Near-Minimax-Optimal Risk-Sensitive Reinforcement Learning with CVaR
This provides theoretical guarantees for risk-aware decision-making in RL, addressing a specific challenge in domains like finance or robotics, though it is incremental in refining existing risk-sensitive frameworks.
The paper tackles risk-sensitive reinforcement learning with Conditional Value at Risk (CVaR) by establishing minimax regret lower bounds and proposing algorithms that achieve near-optimal rates, such as $\widetilde O(\sqrt{ au^{-1}SAK})$ for tabular MDPs, improving on prior bounds.
In this paper, we study risk-sensitive Reinforcement Learning (RL), focusing on the objective of Conditional Value at Risk (CVaR) with risk tolerance $τ$. Starting with multi-arm bandits (MABs), we show the minimax CVaR regret rate is $Ω(\sqrt{τ^{-1}AK})$, where $A$ is the number of actions and $K$ is the number of episodes, and that it is achieved by an Upper Confidence Bound algorithm with a novel Bernstein bonus.
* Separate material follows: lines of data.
lemma semi_latin_fq: "semi_latin (fq_carrier S) fq_op"
  unfolding semi_latin_def
proof (intro ballI inj_onI)
  fix x y y' assume "x \<in> fq_carrier S" "y \<in> fq_carrier S" "y' \<in> fq_carrier S"
    and eq: "fq_op x y = fq_op x y'"
  obtain a w b u c v where xyy': "x = (a, w)" "y = (b, u)" "y' = (c, v)"
    by (cases x, cases y, cases y') auto
  define g g' where "g = inv_word u @ (b, True) # u" and "g' = inv_word v @ (c, True) # v"
  have "coset_rep b u" "coset_rep c v"
    using \<open>y \<in> _\<close> \<open>y' \<in> _\<close> coset_rep_if_fq_carrier by (simp_all add: xyy')
  then have g: "reduced g" "reduced g'"
    by (simp_all add: g_def g'_def reduced_conj_word)
  have "strip a (reduce (w @ g)) = strip a (reduce (w @ g'))"
    using eq xyy' by (simp add: fq_op_conv coset_mult_def g_def g'_def)
  moreover have "exp_sum (reduce (w @ g)) = exp_sum (reduce (w @ g'))"
    by (simp add: exp_sum_reduce g_def g'_def exp_sum_inv_word)
  ultimately have "reduce (w @ g) = reduce (w @ g')"
    by (rule strip_exp_sum_inj[OF reduced_reduce reduced_reduce])
  then have "reduce g = reduce g'"
    using reduce_inv_word_append[of w g] reduce_inv_word_append[of w g'] by simp
  then have "inv_word u @ (b, True) # u = inv_word v @ (c, True) # v"
    using g by (simp add: reduce_reduced g_def g'_def)
  moreover from arg_cong[OF this, of length] have "length (inv_word u) = length (inv_word v)"
    by (simp add: inv_word_conv)
  ultimately have "b = c \<and> u = v"
    by simp
  then show "y = y'"
    using xyy' by simp
qed

section \<open>Ends of the free group\<close>

text \<open>A ray \<open>\<xi>\<close> stands for the left-infinite word \<open>\<dots> \<xi> 2 \<xi> 1 \<xi> 0\<close>, so that letters act on it
  at index 0.\<close>

type_synonym 'a ray = "nat \<Rightarrow> 'a \<times> bool"

definition reduced_ray :: "'a ray \<Rightarrow> bool" where
  "reduced_ray \<xi> \<longleftrightarrow> (\<forall>i. \<xi> (Suc i) \<noteq> inv_letter (\<xi> i))"

lemma reduced_ray_Suc_0:
  "reduced_ray \<xi> \<Longrightarrow> \<xi> 0 = inv_letter x \<Longrightarrow> \<xi> (Suc 0) \<noteq> x"
  by (metis reduced_ray_def inv_letter_inv_letter)

definition ray_mult :: "'a ray \<Rightarrow> 'a \<times> bool \<Rightarrow> 'a ray" where
  "ray_mult \<xi> x = (if \<xi> 0 = inv_letter x then \<xi> \<circ> Suc else case_nat x \<xi>)"

lemma reduced_ray_mult: "reduced_ray \<xi> \<Longrightarrow> reduced_ray (ray_mult \<xi> x)"
  by (auto simp: reduced_ray_def ray_mult_def split: nat.splits)
text \<open>The integral I(u1,u2,u3) (depending on the parameter nu), as a
  (Henstock--Kurzweil, here improper but absolutely convergent) integral over [u3,u2].\<close>
definition Iint :: "real \<Rightarrow> real \<Rightarrow> real \<Rightarrow> real \<Rightarrow> real" where
  "Iint \<nu> u1 u2 u3 = integral {u3..u2}
     (\<lambda>\<eta>. (\<eta> + \<nu>) / sqrt ((\<eta> + \<nu>) * (u1 - \<eta>) * (u2 - \<eta>) * (\<eta> - u3)))"

definition dI :: "nat \<Rightarrow> real \<Rightarrow> real \<Rightarrow> real \<Rightarrow> real \<Rightarrow> real" where
  "dI i \<nu> u1 u2 u3 =
     (if i = 1 then deriv (\<lambda>x. Iint \<nu> x u2 u3) u1
      else if i = 2 then deriv (\<lambda>x. Iint \<nu> u1 x u3) u2
      else deriv (\<lambda>x. Iint \<nu> u1 u2 x) u3)"

definition lam :: "nat \<Rightarrow> real \<Rightarrow> real \<Rightarrow> real \<Rightarrow> real \<Rightarrow> real" where
  "lam i \<nu> u1 u2 u3 = u1 + u2 + u3 + 2 * \<nu> - Iint \<nu> u1 u2 u3 / dI i \<nu> u1 u2 u3"

end

theory Submission
  imports Defs
begin
lemma card_R_le_if_cost_less_card_Sv:
  assumes "x \<in> V" "cost * w x < real (card (Sv x))"
  shows "real (card R) \<le> real (card (Rv x)) + cost * w x"
proof -
  have "card (sent V M T x) < card (Sv x)"
    using card_sent_le_cost[OF assms(1)] assms(2) by linarith
  then obtain s where s: "s \<in> Sv x" "Inr s \<notin> sent V M T x"
    using ex_not_mapped_into[of Inr] finite_sent[OF assms(1)] by (metis inj_Inr)
  have "R \<subseteq> Inl -` holds x"
  proof
    fix r assume "r \<in> R"
    then obtain y where y: "y \<in> V" "Inl r \<in> holds y" "Inr s \<in> holds y"
      using pairs_meet[of r s] s(1) Sv_subset[OF assms(1)] by blast
    have "y = x"
      using unsent_meets_only_at_home[OF assms(1) _ s(2) y(1,3)] s(1) by (simp add: init_data_def)
    with y(2) show "r \<in> Inl -` holds x" by simp
  qed
  then have "card R \<le> card (Rv x) + card (received V M T x)"
    using card_vimage_holds_le(1)[OF assms(1)] finite_holds[OF assms(1)]
    by (meson card_mono finite_vimageI inj_Inl order_trans)
  then show ?thesis
    using card_received_le_cost[OF assms(1)] by linarith
qed

lemma small_node_fragments_le_cost:
  assumes "x \<in> V" "card (Rv x) + card (Sv x) < card R" "card R < card S"
  shows "real (card (Rv x)) \<le> cost * w x" "real (card (Sv x)) \<le> cost * w x"
proof -
  have sizes: "real (card (Rv x)) + real (card (Sv x)) < real (card R)" "real (card R) < real (card S)"
    using assms(2,3) by linarith+
  show "real (card (Rv x)) \<le> cost * w x"
  proof (rule ccontr)
    assume "\<not> ?thesis"
    then have "real (card S) \<le> real (card (Sv x)) + cost * w x"
      by (intro card_S_le_if_cost_less_card_Rv[OF assms(1)]) simp
    with sizes \<open>\<not> ?thesis\<close> show False by linarith
  qed
  show "real (card (Sv x)) \<le> cost * w x"
  proof (rule ccontr)
    assume "\<not> ?thesis"
    then have "real (card R) \<le> real (card (Rv x)) + cost * w x"
      by (intro card_R_le_if_cost_less_card_Sv[OF assms(1)]) simp
    with sizes \<open>\<not> ?thesis\<close> show False by linarith
  qed
qed

lemma card_holds_small_node:
  assumes "x \<in> V" "card (Rv x) + card (Sv x) < card R" "card R < card S"
  shows "real (card (holds x)) \<le> 3 * (cost * w x)"
proof -
  have "card (holds x) \<le> card (Rv x) + card (Sv x) + card (received V M T x)"
    unfolding holds_eq using card_init_data_le[of Rv Sv x]
    by (meson card_Un_le add_right_mono order_trans)
  then show ?thesis
    using small_node_fragments_le_cost[OF assms] card_received_le_cost[OF assms(1)] by linarith
qed

lemma card_pairs_at_small_node_le:
  assumes "x \<in> V" "card (Rv x) + card (Sv x) < card R" "card R < card S"
  shows "real (card (R \<inter> Inl -` holds x)) * real (card (S \<inter> Inr -` holds x))
    \<le> 9 * (min (cost * w x) (real (card R)) * cost * w x)"
proof -
  define m where "m = cost * w x"
  have "m \<ge> 0" unfolding m_def using cost_nonneg w_pos[OF assms(1)] by simp
  have "card (R \<inter> Inl -` holds x) + card (S \<inter> Inr -` holds x) \<le> card (Inl -` holds x) + card (Inr -` holds x)"
    using finite_holds[OF assms(1)] by (intro add_mono card_mono finite_vimageI) auto
  also have "\<dots> = card (holds x)"
    by (rule card_vimage_Inl_plus_Inr[OF finite_holds[OF assms(1)]])
  finally have "real (card (R \<inter> Inl -` holds x)) + real (card (S \<inter> Inr -` holds x)) \<le> 3 * m"
    using card_holds_small_node[OF assms] unfolding m_def by linarith
  moreover have "card (R \<inter> Inl -` holds x) \<le> card R"
    using finite_R by (simp add: card_mono)
  ultimately have "real (card (R \<inter> Inl -` holds x)) \<le> 3 * min m (real (card R))"
    and "real (card (S \<inter> Inr -` holds x)) \<le> 3 * m"
    by (auto simp: min_def)
  then have "real (card (R \<inter> Inl -` holds x)) * real (card (S \<inter> Inr -` holds x))
      \<le> (3 * min m (real (card R))) * (3 * m)"
    using \<open>m \<ge> 0\<close> by (intro mult_mono) auto
  then show ?thesis unfolding m_def by (simp add: algebra_simps)
qed

lemma R_times_fragments_covered:
  assumes "U \<subseteq> V"
  shows "R \<times> (\<Union>u\<in>U. Sv u) \<subseteq> (\<Union>x\<in>U. (R \<inter> Inl -` holds x) \<times> (S \<inter> Inr -` holds x))
    \<union> R \<times> (\<Union>x\<in>V - U. Inr -` received V M T x)"
proof
  fix p assume "p \<in> R \<times> (\<Union>u\<in>U. Sv u)"
  then obtain r s u where p: "p = (r, s)" "r \<in> R" "u \<in> U" "s \<in> Sv u" by auto
  have "u \<in> V" "s \<in> S" using assms p(3,4) Sv_subset by auto
  obtain y where y: "y \<in> V" "Inl r \<in> holds y" "Inr s \<in> holds y"
    using pairs_meet[of r s] p(2) \<open>s \<in> S\<close> by blast
  show "p \<in> (\<Union>x\<in>U. (R \<inter> Inl -` holds x) \<times> (S \<inter> Inr -` holds x)) \<union> R \<times> (\<Union>x\<in>V - U. Inr -` received V M T x)"
  proof (cases "y \<in> U")
    case True
    then show ?thesis using y p \<open>s \<in> S\<close> by auto
  next
    case False
    then have "Inr s \<notin> init_data Rv Sv y"
      using init_data_disjoint[OF \<open>u \<in> V\<close> y(1)] p(3,4) by (auto simp: init_data_def)
    then have "Inr s \<in> received V M T y" using y(3) holds_eq by auto
    then show ?thesis using False y(1) p by auto
  qed
qed

lemma card_received_from_S_le:
  assumes "W \<subseteq> V"
  shows "real (card (\<Union>x\<in>W. Inr -` received V M T x)) \<le> cost * (\<Sum>x\<in>W. w x)"
proof -
  have "finite W" using finite_subset[OF assms finite_V] .
  then have "card (\<Union>x\<in>W. Inr -` received V M T x) \<le> (\<Sum>x\<in>W. card (Inr -` received V M T x))"
    by (rule card_UN_le)
  also have "\<dots> \<le> (\<Sum>x\<in>W. card (received V M T x))"
    using assms by (intro sum_mono card_vimage_inj_le) (auto simp: finite_received)
  finally have "real (card (\<Union>x\<in>W. Inr -` received V M T x)) \<le> (\<Sum>x\<in>W. real (card (received V M T x)))"
    by (metis of_nat_le_iff of_nat_sum)
  also have "\<dots> \<le> (\<Sum>x\<in>W. cost * w x)"
    using assms by (intro sum_mono card_received_le_cost) auto
  finally show ?thesis by (simp add: sum_distrib_left)
qed

lemma card_R_times_fragments_le:
  assumes "U \<subseteq> V"
  shows "card R * card (\<Union>u\<in>U. Sv u)
    \<le> (\<Sum>x\<in>U. card (R \<inter> Inl -` holds x) * card (S \<inter> Inr -` holds x))
      + card R * card (\<Union>x\<in>V - U. Inr -` received V M T x)"
proof -
  define A where "A x = (R \<inter> Inl -` holds x) \<times> (S \<inter> Inr -` holds x)" for x
  define Q where "Q = (\<Union>x\<in>V - U. Inr -` received V M T x)"
  have "finite U" using finite_subset[OF assms finite_V] .
  have "finite Q"
    unfolding Q_def using finite_V finite_received by (simp add: finite_vimageI)
  have "card R * card (\<Union>u\<in>U. Sv u) = card (R \<times> (\<Union>u\<in>U. Sv u))"
    by (simp add: card_cartesian_product)
  also have "\<dots> \<le> card ((\<Union>x\<in>U. A x) \<union> R \<times> Q)"
  proof (rule card_mono)
    show "finite ((\<Union>x\<in>U. A x) \<union> R \<times> Q)"
      using \<open>finite U\<close> \<open>finite Q\<close> finite_R finite_S unfolding A_def by simp
    show "R \<times> (\<Union>u\<in>U. Sv u) \<subseteq> (\<Union>x\<in>U. A x) \<union> R \<times> Q"
      using R_times_fragments_covered[OF assms] unfolding A_def Q_def .
  qed
  also have "\<dots> \<le> (\<Sum>x\<in>U. card (A x)) + card R * card Q"
    using card_UN_le[OF \<open>finite U\<close>, of A] card_Un_le[of "\<Union>x\<in>U. A x" "R \<times> Q"]
    by (simp add: card_cartesian_product)
  finally show ?thesis
    unfolding A_def Q_def card_cartesian_product .
qed
(* If $\sum_ir_ix_i\le f\le\sum_js_jy_j$ for positive simple functions $\sum_ir_ix_i$, $\sum_js_jy_j$ and $f\in R$, then $\sum_ir_ix_i\le\sum_js_jy_j$.
   Context: $R$ is a Riesz space over $\mathbb{Q}$ with strong unit $1$; rationals $r$ are identified with $r\cdot1$. $\mathrm{Spec}(R)$ is the distributive lattice generated by $D(a)$, $a\in R$, subject to $D(1)=1$; $D(a)\wedge D(-a)=0$; $D(a+b)\le D(a)\vee D(b)$; $D(a)=0$ if $a\le0$; $D(a\vee b)=D(a)\vee D(b)$. $B$ is the Boolean algebra freely generated by $\mathrm{Spec}(R)$; $(f>r):=D(f-r)$, $(f<r):=D(r-f)$, $(f\le r):=\neg(f>r)$, $(f\ge r):=\neg(f<r)$. A positive simple function is a formal finite sum $\sum_i r_ix_i$ with rationals $r_i\ge0$, $x_i\in B$; for a finite index set $I$, $x_I:=\bigwedge_{i\in I}x_i$ ($x_\emptyset=1$), $r_I:=\sum_{i\in I}r_i$ ($r_\emptyset=0$). Orders: $\sum_ir_ix_i\le\sum_js_jy_j$ iff for every finite index set $I$, $x_I\le\bigvee\{y_J: J \text{ finite index set with } r_I\le s_J\}$; $\sum_ir_ix_i\le f$ iff $x_I\le(f\ge r_I)$ for every finite $I$; $f\le\sum_js_jy_j$ iff $1=\bigvee_J((f\le s_J)\wedge y_J)$ over all finite index sets $J$. *)

theory Defs
  imports Complex_Main "HOL-Library.Lattice_Algebras"
begin

text \<open>R is a lattice-ordered abelian group (type class lattice_ab_group_add)
  together with a scalar multiplication by rationals making it a Q-vector
  space whose order is compatible with positive scalars; u is the strong unit 1.\<close>

definition riesz_Q_unit :: "(rat \<Rightarrow> 'a::lattice_ab_group_add \<Rightarrow> 'a) \<Rightarrow> 'a \<Rightarrow> bool" where
  "riesz_Q_unit smul u \<longleftrightarrow>
     (\<forall>r s a. smul (r + s) a = smul r a + smul s a) \<and>
     (\<forall>r a b. smul r (a + b) = smul r a + smul r b) \<and>
     (\<forall>r s a. smul (r * s) a = smul r (smul s a)) \<and>
     (\<forall>a. smul 1 a = a) \<and>
     (\<forall>r a. 0 \<le> r \<longrightarrow> 0 \<le> a \<longrightarrow> 0 \<le> smul r a) \<and>
     0 \<le> u \<and>
     (\<forall>a. \<exists>n::nat. a \<le> smul (of_nat n) u \<and> - a \<le> smul (of_nat n) u)"

datatype 'a bexp = BAtom 'a | BTop | BBot | BNot "'a bexp"
  | BAnd "'a bexp" "'a bexp" | BOr "'a bexp" "'a bexp"

text \<open>Equality in B: the congruence generated by the Boolean algebra axioms
  and the defining relations of Spec(R), where BAtom a stands for D(a).\<close>

inductive beq :: "'a::lattice_ab_group_add \<Rightarrow> 'a bexp \<Rightarrow> 'a bexp \<Rightarrow> bool" for u where
  refl: "beq u x x"
| sym: "beq u x y \<Longrightarrow> beq u y x"
| trans: "beq u x y \<Longrightarrow> beq u y z \<Longrightarrow> beq u x z"
| cong_not: "beq u x y \<Longrightarrow> beq u (BNot x) (BNot y)"
| cong_and: "beq u x x' \<Longrightarrow> beq u y y' \<Longrightarrow> beq u (BAnd x y) (BAnd x' y')"
| cong_or: "beq u x x' \<Longrightarrow> beq u y y' \<Longrightarrow> beq u (BOr x y) (BOr x' y')"
| and_comm: "beq u (BAnd x y) (BAnd y x)"
| or_comm: "beq u (BOr x y) (BOr y x)"
| and_assoc: "beq u (BAnd (BAnd x y) z) (BAnd x (BAnd y z))"
| or_assoc: "beq u (BOr (BOr x y) z) (BOr x (BOr y z))"
| and_absorb: "beq u (BAnd x (BOr x y)) x"
| or_absorb: "beq u (BOr x (BAnd x y)) x"
| distrib: "beq u (BAnd x (BOr y z)) (BOr (BAnd x y) (BAnd x z))"
| and_top: "beq u (BAnd x BTop) x"
| or_bot: "beq u (BOr x BBot) x"
| and_compl: "beq u (BAnd x (BNot x)) BBot"
| or_compl: "beq u (BOr x (BNot x)) BTop"
| D_unit: "beq u (BAtom u) BTop"
| D_neg: "beq u (BAnd (BAtom a) (BAtom (- a))) BBot"
| D_add: "beq u (BAnd (BAtom (a + b)) (BOr (BAtom a) (BAtom b))) (BAtom (a + b))"
| D_nonpos: "a \<le> 0 \<Longrightarrow> beq u (BAtom a) BBot"
| D_sup: "beq u (BAtom (sup a b)) (BOr (BAtom a) (BAtom b))"

definition ble :: "'a::lattice_ab_group_add \<Rightarrow> 'a bexp \<Rightarrow> 'a bexp \<Rightarrow> bool" where
  "ble u x y \<longleftrightarrow> beq u (BAnd x y) x"

definition bconj :: "'a bexp list \<Rightarrow> 'a bexp" where
  "bconj xs = foldr BAnd xs BTop"

definition bdisj :: "'a bexp list \<Rightarrow> 'a bexp" where
  "bdisj xs = foldr BOr xs BBot"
For online RL in tabular Markov Decision Processes (MDPs), we show a minimax regret lower bound of $Ω(\sqrt{τ^{-1}SAK})$ (with normalized cumulative rewards), where $S$ is the number of states, and we propose a novel bonus-driven Value Iteration procedure. We show that our algorithm achieves the optimal regret of $\widetilde O(\sqrt{τ^{-1}SAK})$ under a continuity assumption and in general attains a near-optimal regret of $\widetilde O(τ^{-1}\sqrt{SAK})$, which is minimax-optimal for constant $τ$. This improves on the best available bounds. By discretizing rewards appropriately, our algorithms are computationally efficient.